Certainly. One of the first was at the Ministry of the Environment building. And more of those panels were placed. I suspect that they are on some CTU buildings in Dejvice. I think that some other buildings on the outskirts of Prague are already equipped in this way.
What does the term heat island actually mean?
These are the places where, especially on tropical days, temperatures are concentrated and steadily rise. Places that do not have a microclimate to match the sunlight. The heat island is best seen in evening and night shots. What the city shines after dark is the interesting part. That’s all sheet metal and concrete.
For the heat island, they look at how much greenery and water features there are in the streets, but the night temperatures also play a relatively large role.
On a heat island, especially for humans, it’s annoying that you can’t ventilate more or less during those tropical days. People don’t sleep. The city basically doesn’t have time to cool down in those places. And if people install air conditioners, we might end up like in Japan.

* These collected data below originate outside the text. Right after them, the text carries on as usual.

lemma dmn_D_eq_approx:
  fixes T :: "'a::real_normed_vector \<Rightarrow> 'b::real_normed_vector set"
  assumes finX: "\<exists>B::'a set. finite B \<and> span B = UNIV"
    and finY: "\<exists>B::'b set. finite B \<and> span B = UNIV"
    and nonempty: "\<And>u. T u \<noteq> {}"
    and dense: "\<And>L e. e > 0 \<Longrightarrow> \<exists>c\<in>C. dist L c < e"
  shows "dmn_D T = {x. \<forall>\<epsilon>>0. \<exists>c\<in>C. \<exists>r>0. x \<in> approx_set T (blinfun_apply c) \<epsilon> r}"
proof (intro equalityI subsetI)
  fix x assume x: "x \<in> dmn_D T"
  have "\<exists>c\<in>C. \<exists>r>0. x \<in> approx_set T (blinfun_apply c) \<epsilon> r" if "\<epsilon> > 0" for \<epsilon>
  proof -
    obtain c where "c \<in> C" "dist (D T x) c < \<epsilon> / 2"
      using dense \<open>\<epsilon> > 0\<close> half_gt_zero by blast
    obtain r where "r > 0" "x \<in> approx_set T (D T x) (\<epsilon> / 2) r"
      using strongly_diff_with_D[OF finX nonempty x] \<open>\<epsilon> > 0\<close> half_gt_zero
      unfolding strongly_diff_with_iff_approx by blast
    then have "x \<in> approx_set T c (\<epsilon> / 2 + norm (D T x - c)) r"
      by (intro approx_set_perturb)
    also have "\<dots> \<subseteq> approx_set T c \<epsilon> r"
      using \<open>dist (D T x) c < \<epsilon> / 2\<close> by (intro approx_set_mono) (auto simp: dist_norm)
    finally show ?thesis
      using \<open>c \<in> C\<close> \<open>r > 0\<close> by blast
  qed
  then show "x \<in> {x. \<forall>\<epsilon>>0. \<exists>c\<in>C. \<exists>r>0. x \<in> approx_set T (blinfun_apply c) \<epsilon> r}"
    by blast
next
  fix x assume "x \<in> {x. \<forall>\<epsilon>>0. \<exists>c\<in>C. \<exists>r>0. x \<in> approx_set T (blinfun_apply c) \<epsilon> r}"
  then have "\<exists>L. strongly_diff_with T x (blinfun_apply L)"
    by (intro strongly_diff_with_if_approx[OF finite_dim_blinfun[OF finX finY] nonempty]) blast
  then show "x \<in> dmn_D T"
    unfolding dmn_D_def by blast
qed

section \<open>Borel sets\<close>

lemma weakly_continuous_at_tendsto:
  assumes "weakly_continuous_at T x" "is_singleton (T x)" "X \<longlonglongrightarrow> x" "\<And>n. w n \<in> T (X n)"
  shows "w \<longlonglongrightarrow> the_elem (T x)"
proof (rule tendstoI)
  fix e :: real assume "e > 0"
  then obtain \<delta> where "\<delta> > 0"
    and \<delta>: "\<And>y. norm (y - x) < \<delta> \<Longrightarrow> T y \<subseteq> {a + v |a v. a \<in> T x \<and> norm v < e}"
    using assms(1) unfolding weakly_continuous_at_def by blast
  have "\<forall>\<^sub>F n in sequentially. norm (X n - x) < \<delta>"
    using tendstoD[OF assms(3) \<open>\<delta> > 0\<close>] by (simp add: dist_norm)
  then show "\<forall>\<^sub>F n in sequentially. dist (w n) (the_elem (T x)) < e"
  proof eventually_elim
    case (elim n)
    then obtain a v where "w n = a + v" "a \<in> T x" "norm v < e"
      using \<delta> assms(4) by blast
    moreover have "a = the_elem (T x)"
      using assms(2) \<open>a \<in> T x\<close> by (metis is_singleton_the_elem singletonD)
    ultimately show ?case
      by (simp add: dist_norm)
  qed
qed

lemma approx_set_borel:
  assumes "\<And>x. weakly_continuous_at T x" "{x. is_singleton (T x)} \<in> sets borel" "bounded_linear L"
  shows "approx_set T L s r \<in> sets borel"
proof -
  have "{x. is_singleton (T x)} \<inter> closure (approx_set T L s r) \<subseteq> approx_set T L s r"
  proof
    fix x assume "x \<in> {x. is_singleton (T x)} \<inter> closure (approx_set T L s r)"
    then have x: "is_singleton (T x)" and "x \<in> closure (approx_set T L s r)"
      by auto
    then obtain X where X: "\<And>n. X n \<in> approx_set T L s r" "X \<longlonglongrightarrow> x"
      unfolding closure_sequential by blast
    show "x \<in> approx_set T L s r"
    proof (rule approx_setI)
      show "is_singleton (T x)"
        by (rule x)
      fix y w assume "norm (y - x) < r" "w \<in> T y"
      have "(\<lambda>n. norm (y - X n)) \<longlonglongrightarrow> norm (y - x)"
        by (intro tendsto_intros X)
      then have "\<forall>\<^sub>F n in sequentially. norm (y - X n) < r"
        using \<open>norm (y - x) < r\<close> by (rule order_tendstoD)
      then have ev: "\<forall>\<^sub>F n in sequentially.
          norm (w - the_elem (T (X n)) - L (y - X n)) \<le> s * norm (y - X n)"
        by eventually_elim (use X(1) \<open>w \<in> T y\<close> in \<open>blast intro: approx_setD(2)\<close>)
      have "the_elem (T (X n)) \<in> T (X n)" for n
        using approx_setD(1)[OF X(1)] by (metis is_singleton_the_elem singletonI)
      then have "(\<lambda>n. the_elem (T (X n))) \<longlonglongrightarrow> the_elem (T x)"
        by (rule weakly_continuous_at_tendsto[OF assms(1) x X(2)])
      then have lhs: "(\<lambda>n. norm (w - the_elem (T (X n)) - L (y - X n)))
          \<longlonglongrightarrow> norm (w - the_elem (T x) - L (y - x))"
        by (intro tendsto_intros bounded_linear.tendsto[OF assms(3)] X(2))
      have rhs: "(\<lambda>n. s * norm (y - X n)) \<longlonglongrightarrow> s * norm (y - x)"
        by (intro tendsto_intros X(2))
      show "norm (w - the_elem (T x) - L (y - x)) \<le> s * norm (y - x)"
        by (rule tendsto_le[OF sequentially_bot rhs lhs ev])
    qed
  qed
  then have "approx_set T L s r = {x. is_singleton (T x)} \<inter> closure (approx_set T L s r)"
    using closure_subset approx_setD(1) by blast
  also have "\<dots> \<in> sets borel"
    using assms(2) borel_closed[OF closed_closure] by (rule sets.Int)
  finally show ?thesis .
qed

lemma open_values_within_dist:
  assumes "\<And>x. weakly_continuous_at T x"
  shows "open {x. \<exists>r<\<epsilon>. \<forall>a\<in>T x. \<forall>b\<in>T x. dist a b \<le> r}"
  unfolding open_contains_ball
proof
  fix x assume "x \<in> {x. \<exists>r<\<epsilon>. \<forall>a\<in>T x. \<forall>b\<in>T x. dist a b \<le> r}"
  then obtain r where "r < \<epsilon>" and r: "\<And>a b. a \<in> T x \<Longrightarrow> b \<in> T x \<Longrightarrow> dist a b \<le> r"
    by blast
  define \<eta> where "\<eta> = (\<epsilon> - r) / 3"
  have "\<eta> > 0"
    using \<open>r < \<epsilon>\<close> by (simp add: \<eta>_def)
  then obtain \<delta> where "\<delta> > 0"
    and \<delta>: "\<And>y. norm (y - x) < \<delta> \<Longrightarrow> T y \<subseteq> {a + v |a v. a \<in> T x \<and> norm v < \<eta>}"
    using assms unfolding weakly_continuous_at_def by blast
  have near: "\<exists>a\<in>T x. dist a' a < \<eta>" if y: "y \<in> ball x \<delta>" and a': "a' \<in> T y" for y a'
  proof -
    have "norm (y - x) < \<delta>"
      using y by (simp add: dist_norm norm_minus_commute)
    with a' obtain a v where "a' = a + v" "a \<in> T x" "norm v < \<eta>"
      using \<delta> by blast
    then show ?thesis
      by (intro bexI[of _ a]) (simp_all add: dist_norm)
  qed
  have "dist a' b' \<le> r + 2 * \<eta>" if "y \<in> ball x \<delta>" "a' \<in> T y" "b' \<in> T y" for y a' b'
  proof -
    obtain a b where "a \<in> T x" "dist a' a < \<eta>" "b \<in> T x" "dist b' b < \<eta>"
      using near \<open>y \<in> ball x \<delta>\<close> \<open>a' \<in> T y\<close> \<open>b' \<in> T y\<close> by meson
    moreover have "dist a' b' \<le> dist a' a + dist a b + dist b' b"
      using dist_triangle[of a' b' a] dist_triangle[of a b' b] by (simp add: dist_commute)
    ultimately show ?thesis
      using r by fastforce
  qed
  moreover have "r + 2 * \<eta> < \<epsilon>"
    using \<open>r < \<epsilon>\<close> by (simp add: \<eta>_def field_simps)
  ultimately show "\<exists>e>0. ball x e \<subseteq> {x. \<exists>r<\<epsilon>. \<forall>a\<in>T x. \<forall>b\<in>T x. dist a b \<le> r}"
    using \<open>\<delta> > 0\<close> by blast
qed
(* There is an absolute constant $C>0$ such that for all integers $n\ge 3$ and $m$ with $n-1\le m\le (n-1)^2/4$, $$\tilde{r}(\mathcal C_{\mathrm{odd}},\mathcal{C}on_{n,m})\le n+2m+C\sqrt{m-n+1}.$$
   Context: Given nonempty families $\mathcal H_1,\mathcal H_2$ of finite graphs, the online size Ramsey game $\mathcal R(\mathcal H_1,\mathcal H_2)$ is played on the edge set of the infinite complete graph $K_{\mathbb N}$: in each round Builder selects a previously unselected edge and Painter colours it red or blue. The game ends as soon as there is a red copy of some graph in $\mathcal H_1$ or a blue copy of some graph in $\mathcal H_2$. Builder tries to end the game as soon as possible, Painter tries to delay it, and $\tilde r(\mathcal H_1,\mathcal H_2)$ is the number of rounds under optimal play. $\mathcal C_{\mathrm{odd}}$ is the family of all odd cycles and $\mathcal{C}on_{n,m}$ is the family of all connected graphs with exactly $n$ vertices and at least $m$ edges. (The paper states the bound as $n+2m+O(\sqrt{m-n+1})$.) *)

theory Defs
  imports Complex_Main
begin

text \<open>Graphs on the vertex set of the infinite complete graph K_N are represented by
  their edge sets: sets of 2-element subsets of nat.  A graph family is a set of such
  (finite) edge sets, closed under relabelling of vertices; a copy of a member of a
  family in a graph G is a subgraph (subset of edges) of G belonging to the family.\<close>

definition is_edge :: "nat set \<Rightarrow> bool" where
  "is_edge e \<longleftrightarrow> (\<exists>x y. x \<noteq> y \<and> e = {x, y})"

definition verts :: "nat set set \<Rightarrow> nat set" where
  "verts G = \<Union>G"

definition C_odd :: "nat set set set" where
  "C_odd = {G. \<exists>vs. distinct vs \<and> odd (length vs) \<and> length vs \<ge> 3 \<and>
      G = {{vs ! i, vs ! ((i + 1) mod length vs)} | i. i < length vs}}"

text \<open>The family of all connected graphs with exactly n vertices and at least m edges
  (vertex set = set of endpoints of edges; for n >= 2 a connected graph has no isolated vertices).\<close>
definition Con :: "nat \<Rightarrow> nat \<Rightarrow> nat set set set" where
  "Con n m = {G. finite G \<and> (\<forall>e\<in>G. is_edge e) \<and> card (verts G) = n \<and> card G \<ge> m \<and>
      (\<forall>u\<in>verts G. \<forall>v\<in>verts G. (u, v) \<in> {(x, y). {x, y} \<in> G}\<^sup>*)}"

definition contains_copy :: "nat set set set \<Rightarrow> nat set set \<Rightarrow> bool" where
  "contains_copy \<H> G \<longleftrightarrow> (\<exists>H \<subseteq> G. H \<in> \<H>)"

text \<open>builder_wins H1 H2 k R B: from the position with red edges R and blue edges B,
  Builder can force the game R(H1,H2) to end within at most k further rounds,
  whatever Painter does.\<close>
inductive builder_wins :: "nat set set set \<Rightarrow> nat set set set \<Rightarrow> nat \<Rightarrow> nat set set \<Rightarrow> nat set set \<Rightarrow> bool"
  for H1 H2 where
  ended: "contains_copy H1 R \<or> contains_copy H2 B \<Longrightarrow> builder_wins H1 H2 k R B"
| step: "\<lbrakk>is_edge e; e \<notin> R; e \<notin> B;
          builder_wins H1 H2 k (insert e R) B; builder_wins H1 H2 k R (insert e B)\<rbrakk>
         \<Longrightarrow> builder_wins H1 H2 (Suc k) R B"

text \<open>Online size Ramsey number: the number of rounds under optimal play (meaningful when
  Builder can force the end in finitely many rounds).\<close>
definition online_ramsey :: "nat set set set \<Rightarrow> nat set set set \<Rightarrow> nat" where
  "online_ramsey H1 H2 = (LEAST k. builder_wins H1 H2 k {} {})"

end

theory Submission
  imports Defs
begin

text \<open>Builder can in fact finish within m + 2n - 2 \<le> n + 2m rounds.

  Builder first offers the edges of a star at a vertex h until Painter has coloured n of them
  red or n - 1 of them blue, which takes at most 2n - 2 rounds. In the blue case let S consist
  of h and the blue leaves. In the red case let S be the set of red leaves; Builder joins one
  red leaf t to all the others, and Painter must colour these n - 1 edges blue, since a red one
  closes a triangle through h. Either way S has n vertices and contains a spanning blue star.

  Builder then keeps a labelling of the red components together with a proper 2-colouring of
  each. As long as S spans fewer than m blue edges, m \<le> (n - 1)^2 / 4 guarantees an
  uncoloured pair in S whose ends lie on the same side. Colouring it red either closes an odd
  cycle (same component) or merges two components meeting S; colouring it blue adds a blue edge
  inside S. So the number of components meeting S, minus one, plus the number of blue edges
  inside S still missing drops in every round, and the game ends after at most m more rounds,
  counting the forced blue edges of the red case.\<close>

lemma builder_wins_mono:
  assumes "builder_wins H1 H2 k R B" "k \<le> k'"
  shows "builder_wins H1 H2 k' R B"
  using assms
proof (induction arbitrary: k' rule: builder_wins.induct)
  case (ended R B k)
  then show ?case by (simp add: builder_wins.ended)
next
  case (step e R B k)
  then obtain k0 where "k' = Suc k0" "k \<le> k0" by (cases k') auto
  with step show ?case by (auto intro: builder_wins.step)
qed

lemma builder_wins_forced_blue:
  assumes "finite F"
    and "\<forall>e\<in>F. is_edge e \<and> e \<notin> R \<and> e \<notin> B \<and> contains_copy H1 (insert e R)"
    and "builder_wins H1 H2 k R (B \<union> F)"
  shows "builder_wins H1 H2 (card F + k) R B"
  using assms
proof (induction F arbitrary: B rule: finite_induct)
  case empty
  then show ?case by simp
next
  case (insert e F)
  have "builder_wins H1 H2 (card F + k) (insert e R) B"
    using insert.prems(1) by (intro builder_wins.ended) simp
  moreover have "builder_wins H1 H2 (card F + k) R (insert e B)"
    using insert.prems insert.hyps(2) by (intro insert.IH) auto
  ultimately show ?case
    using insert.prems(1) insert.hyps by (auto intro: builder_wins.step)
qed

lemma online_ramsey_le:
  "builder_wins H1 H2 k {} {} \<Longrightarrow> online_ramsey H1 H2 \<le> k"
  unfolding online_ramsey_def by (rule Least_le)

definition has_path :: "nat set set \<Rightarrow> nat \<Rightarrow> nat \<Rightarrow> bool" where
  "has_path G u v \<longleftrightarrow> (\<exists>ps. ps \<noteq> [] \<and> distinct ps \<and> hd ps = u \<and> last ps = v \<and>
     successively (\<lambda>x y. {x, y} \<in> G) ps)"

lemma has_pathE:
  assumes "has_path G u v"
  obtains ps where "ps \<noteq> []" "distinct ps" "hd ps = u" "last ps = v"
    "successively (\<lambda>x y. {x, y} \<in> G) ps"
  using assms unfolding has_path_def by blast

lemma has_path_refl: "has_path G u u"
  unfolding has_path_def by (intro exI[of _ "[u]"]) simp

lemma has_path_sym:
  assumes "has_path G u v"
  shows "has_path G v u"
proof -
  obtain ps where "ps \<noteq> []" "distinct ps" "hd ps = u" "last ps = v"
    "successively (\<lambda>x y. {x, y} \<in> G) ps"
    using assms by (rule has_pathE)
  then show ?thesis unfolding has_path_def
    by (intro exI[of _ "rev ps"]) (auto simp: hd_rev last_rev successively_rev insert_commute)
qed

lemma has_path_mono: "has_path G u v \<Longrightarrow> G \<subseteq> G' \<Longrightarrow> has_path G' u v"
  unfolding has_path_def by (blast intro: successively_mono)
lemma binary_sum_digit_cases:
  assumes z: "concise_binary_expansion zd (x + y)"
    and x: "concise_binary_expansion xd x" and y: "concise_binary_expansion yd y"
    and "zd l = 1" "\<forall>j>l. zd j = 0"
  shows "xd l + yd l = 1 \<and> (\<forall>j>l. xd j = 0 \<and> yd j = 0) \<or>
    xd l = yd l \<and> (\<exists>k. (\<forall>j. l < j \<and> j \<le> l + k \<longrightarrow> xd j + yd j = 1) \<and>
        xd (l + k + 1) = 1 \<and> yd (l + k + 1) = 1 \<and> (\<forall>j>l + k + 1. xd j = 0 \<and> yd j = 0)) \<or>
    xd l = yd l \<and> (\<forall>j>l. xd j + yd j = 1)"
proof -
  have zd: "\<And>i. zd i \<le> 1" and xd: "\<And>i. xd i \<le> 1" and yd: "\<And>i. yd i \<le> 1"
    using z x y concise_binary_expansion_digits by blast+
  have parity: "binary_prefix zd l mod 2 = 1" "binary_prefix xd l mod 2 = xd l"
    "binary_prefix yd l mod 2 = yd l"
    using binary_prefix_mod_2[of zd, OF zd] binary_prefix_mod_2[of xd, OF xd]
      binary_prefix_mod_2[of yd, OF yd] assms(4) by simp_all
  from binary_prefix_add_cases[OF z x y assms(5)] show ?thesis
  proof (elim disjE conjE)
    assume "binary_prefix zd l = binary_prefix xd l + binary_prefix yd l"
    with parity have "(xd l + yd l) mod 2 = 1"
      by (metis mod_add_eq)
    then have "xd l + yd l = 1"
      using xd[of l] yd[of l] by presburger
    moreover assume "binary_tail xd l = 0" "binary_tail yd l = 0"
    ultimately show ?thesis
      using binary_tail_eq_0_iff[of xd, OF xd] binary_tail_eq_0_iff[of yd, OF yd] by blast
  next
    assume "binary_prefix zd l = binary_prefix xd l + binary_prefix yd l + 1"
    with parity have "(xd l + yd l + 1) mod 2 = 1"
      by (metis mod_add_eq)
    then have "xd l = yd l"
      using xd[of l] yd[of l] by presburger
    moreover assume "binary_tail xd l + binary_tail yd l = 1"
    ultimately show ?thesis
      using binary_tails_sum_1_cases[of xd yd l, OF xd yd] x y
      unfolding concise_binary_expansion_def by blast
  qed
qed

theorem theorem4p2:
  fixes x y z :: real and xd yd zd :: "nat \<Rightarrow> nat" and l :: nat
  assumes "x \<in> {0..1}" "y \<in> {0..1}" "z \<in> {0..1}" "z = x + y"
    and "concise_binary_expansion zd z"
    and "concise_binary_expansion xd x"
    and "concise_binary_expansion yd y"
    and "zd l = 1" "\<forall>j>l. zd j = 0"
  shows "let
      P1 = ((xd l, yd l) \<in> {(0, 1), (1, 0)} \<and> (\<forall>j>l. (xd j, yd j) = (0, 0)));
      P2 = ((xd l, yd l) \<in> {(0, 0), (1, 1)} \<and>
            (\<exists>k::nat. (\<forall>j. l < j \<and> j \<le> l + k \<longrightarrow> (xd j, yd j) \<in> {(0, 1), (1, 0)}) \<and>
                     (xd (l + k + 1), yd (l + k + 1)) = (1, 1) \<and>
                     (\<forall>j>l + k + 1. (xd j, yd j) = (0, 0))));
      P3 = ((xd l, yd l) \<in> {(0, 0), (1, 1)} \<and> (\<forall>j>l. (xd j, yd j) \<in> {(0, 1), (1, 0)}))
    in (P1 \<and> \<not> P2 \<and> \<not> P3) \<or> (\<not> P1 \<and> P2 \<and> \<not> P3) \<or> (\<not> P1 \<and> \<not> P2 \<and> P3)"
proof -
  have xd: "\<And>j. xd j \<le> 1" and yd: "\<And>j. yd j \<le> 1"
    using assms(6,7) concise_binary_expansion_digits by blast+
  have pair_sum_1: "(xd j, yd j) \<in> {(0, 1), (1, 0)} \<longleftrightarrow> xd j + yd j = 1"
    and pair_eq: "(xd j, yd j) \<in> {(0, 0), (1, 1)} \<longleftrightarrow> xd j = yd j" for j
    using xd[of j] yd[of j] by auto
  consider (single_carry) "xd l + yd l = 1" "\<forall>j>l. xd j = 0 \<and> yd j = 0"
    | (finite_carry) "xd l = yd l" "\<exists>k. (\<forall>j. l < j \<and> j \<le> l + k \<longrightarrow> xd j + yd j = 1) \<and>
        xd (l + k + 1) = 1 \<and> yd (l + k + 1) = 1 \<and> (\<forall>j>l + k + 1. xd j = 0 \<and> yd j = 0)"
    | (infinite_carry) "xd l = yd l" "\<forall>j>l. xd j + yd j = 1"
    using binary_sum_digit_cases[OF assms(5)[unfolded assms(4)] assms(6-9)] by blast
  then show ?thesis
  proof cases
    case single_carry
    moreover have "xd l \<noteq> yd l"
      using single_carry(1) by presburger
    ultimately show ?thesis
      unfolding Let_def pair_sum_1 pair_eq by simp
  next
    case finite_carry
    moreover have "xd l + yd l \<noteq> 1"
      using finite_carry(1) by presburger
    moreover have "\<not> (\<forall>j>l. xd j + yd j = 1)"
    proof -
      from finite_carry(2) obtain k where "xd (l + k + 1) = 1" "yd (l + k + 1) = 1"
        by blast
      then show ?thesis
        by (auto intro!: exI[of _ "l + k + 1"])
    qed
    ultimately show ?thesis
      unfolding Let_def pair_sum_1 pair_eq by simp
  next
    case infinite_carry
    moreover have "xd l + yd l \<noteq> 1"
      using infinite_carry(1) by presburger
    moreover have "\<not> (xd (l + k + 1) = 1 \<and> yd (l + k + 1) = 1)" for k
      using infinite_carry(2)[rule_format, of "l + k + 1"] by simp
    ultimately show ?thesis
      unfolding Let_def pair_sum_1 pair_eq by auto
  qed
qed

On some days it is forbidden to use appliances there because the energy consumption for the air conditioners is huge. They are no longer able to exist without it. The city is already so hot that it’s hard to walk outside the buildings.
Are the places in the mentioned image from the International Space Station similar to those heat islands?
Already in 2020, the Institute of Planning and Development developed a kind of map of heat islands according to foreign methodologies. And one of its outputs is on the Prague geoportal. You can see which places are really warm and which are not.
According to the map of heat islands, can you tell which place is the warmest for living in Prague, and which is the coldest?
The surfaces themselves play a significant role. But a very warm area from the point of view of geographical location, poorly ventilated is the one called Hradební corzo, i.e. old Prague behind the walls, the Old Town, a heritage reserve. It is definitely a heat island.
And vice versa, the cooler place where the heat island is not at all or not so pronounced?
Prague has a prevailing westerly to south-westerly flow. Therefore, the edges of Prague above the level of the Vltava basin, such as Pankrác, are ventilated in a relatively good way. Even though it is a housing estate and there are skyscrapers, this part of Prague is relatively well ventilated. Or also Stodůlky.